▶ [Records to use]:
theorem mainTheorem6:
  fixes p :: int and q :: nat and f :: "real \<Rightarrow> real"
    and Delta Y :: "real \<Rightarrow> real \<Rightarrow> real" and epsbb eta :: real
  defines "mu \<equiv> 2 * pi * real_of_int p / real q"
  assumes q_pos: "q \<ge> 1"
    and f_periodic: "\<forall>x. f (x + 2 * pi) = f x"
    and f_analytic: "real_analytic_on f UNIV"
    and epsbb_pos: "epsbb > 0" and eta_pos: "eta > 0"
    and Delta_analytic: "real_analytic2_on Delta (UNIV \<times> {-epsbb<..<epsbb})"
    and Y_analytic: "real_analytic2_on Y (UNIV \<times> {-epsbb<..<epsbb})"
    and Delta_zero: "\<forall>x. Delta x 0 = 0"
    and Y_zero: "\<forall>x. Y x 0 = 0"
    and solution: "\<forall>x eps. \<bar>eps\<bar> < epsbb \<longrightarrow>
        \<bar>Delta x eps\<bar> < eta \<and> \<bar>Y x eps\<bar> < eta \<and>
        nR f mu q x (Y x eps) eps (Delta x eps) = 0 \<and>
        nS f mu q x (Y x eps) eps (Delta x eps) = 0"
    and unique: "\<forall>x eps delta y. \<bar>eps\<bar> < epsbb \<longrightarrow> \<bar>delta\<bar> < eta \<longrightarrow> \<bar>y\<bar> < eta \<longrightarrow>
        nR f mu q x y eps delta = 0 \<longrightarrow> nS f mu q x y eps delta = 0 \<longrightarrow>
        delta = Delta x eps \<and> y = Y x eps"
  shows "\<exists>epsb > 0. \<forall>x0 eps. \<bar>eps\<bar> < epsb \<longrightarrow>
          (let y0 = Y x0 eps; delta = Delta x0 eps;
               (x1, y1) = Tmap f mu eps delta (x0, y0)
           in Delta x1 eps = Delta x0 eps \<and> Y x1 eps = y1)"
proof -
  have f_period: "\<forall>x. f (x + real q * mu) = f x"
  proof
    fix x
    interpret periodic_fun_simple f "2 * pi"
      by standard (use f_periodic in auto)
    show "f (x + real q * mu) = f x"
      using plus_of_int[of x p] q_pos by (simp add: mu_def mult_ac)
  qed
  have DY_periodic: "Delta (x + 2 * pi) e = Delta x e \<and> Y (x + 2 * pi) e = Y x e"
    if "\<bar>e\<bar> < epsbb" for x e
    using solution unique that nR_shift[OF f_periodic] nS_shift[OF f_periodic] by metis
  define H where "H x e = Y x e - Delta x e - e * f x" for x e
  have "eps_linear_near H x0" for x0
  proof -
    have "(x0, 0) \<in> UNIV \<times> {-epsbb<..<epsbb}"
      using epsbb_pos by simp
    then show ?thesis
      unfolding H_def
      by (intro eps_linear_near_diff eps_linear_near_mult_locally_bounded
          real_analytic2_on_imp_eps_linear_near[OF Y_analytic _ Y_zero]
          real_analytic2_on_imp_eps_linear_near[OF Delta_analytic _ Delta_zero]
          real_analytic_on_locally_bounded[OF f_analytic]) auto
  qed
  moreover have "H (x + 2 * pi) e = H x e" if "\<bar>e\<bar> < epsbb" for x e
    using DY_periodic[OF that] f_periodic by (simp add: H_def)
  ultimately obtain s K where "s > 0" "\<forall>x e. \<bar>e\<bar> < s \<longrightarrow> \<bar>H x e\<bar> \<le> K * \<bar>e\<bar>"
    using eps_linear_uniform_periodic[of "2 * pi" epsbb H] epsbb_pos by auto
  then obtain r where "r > 0" and H_small: "\<forall>x e. \<bar>e\<bar> < r \<longrightarrow> \<bar>H x e\<bar> < eta"
    using eps_linear_bound_imp_small[OF _ eta_pos] by blast
  show ?thesis
  proof (intro exI[of _ "min epsbb r"] conjI allI impI)
    fix x0 eps
    assume eps: "\<bar>eps\<bar> < min epsbb r"
    obtain x1 y1 where step: "Tmap f mu eps (Delta x0 eps) (x0, Y x0 eps) = (x1, y1)"
      by fastforce
    have "y1 = H x0 eps"
      using step by (auto simp: Tmap_def H_def Let_def)
    then have "\<bar>y1\<bar> < eta"
      using H_small eps by simp
    then have "Delta x1 eps = Delta x0 eps \<and> Y x1 eps = y1"
      using eps solution unique
      by (intro Tmap_preserves_solution_branch[where Delta = Delta and Y = Y, OF f_period _ _ _ _ step]) auto
    then show "let y0 = Y x0 eps; delta = Delta x0 eps;
        (x1, y1) = Tmap f mu eps delta (x0, y0) in Delta x1 eps = Delta x0 eps \<and> Y x1 eps = y1"
      using step by simp
  qed (use \<open>r > 0\<close> epsbb_pos in auto)
qed

end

▶ [What to produce]: Wherever "proof" turns up in the records, copy the whole line.

▶ [Output of the exercise]:
proof -
  proof
  proof -
  proof (intro exI[of _ "min epsbb r"] conjI allI impI)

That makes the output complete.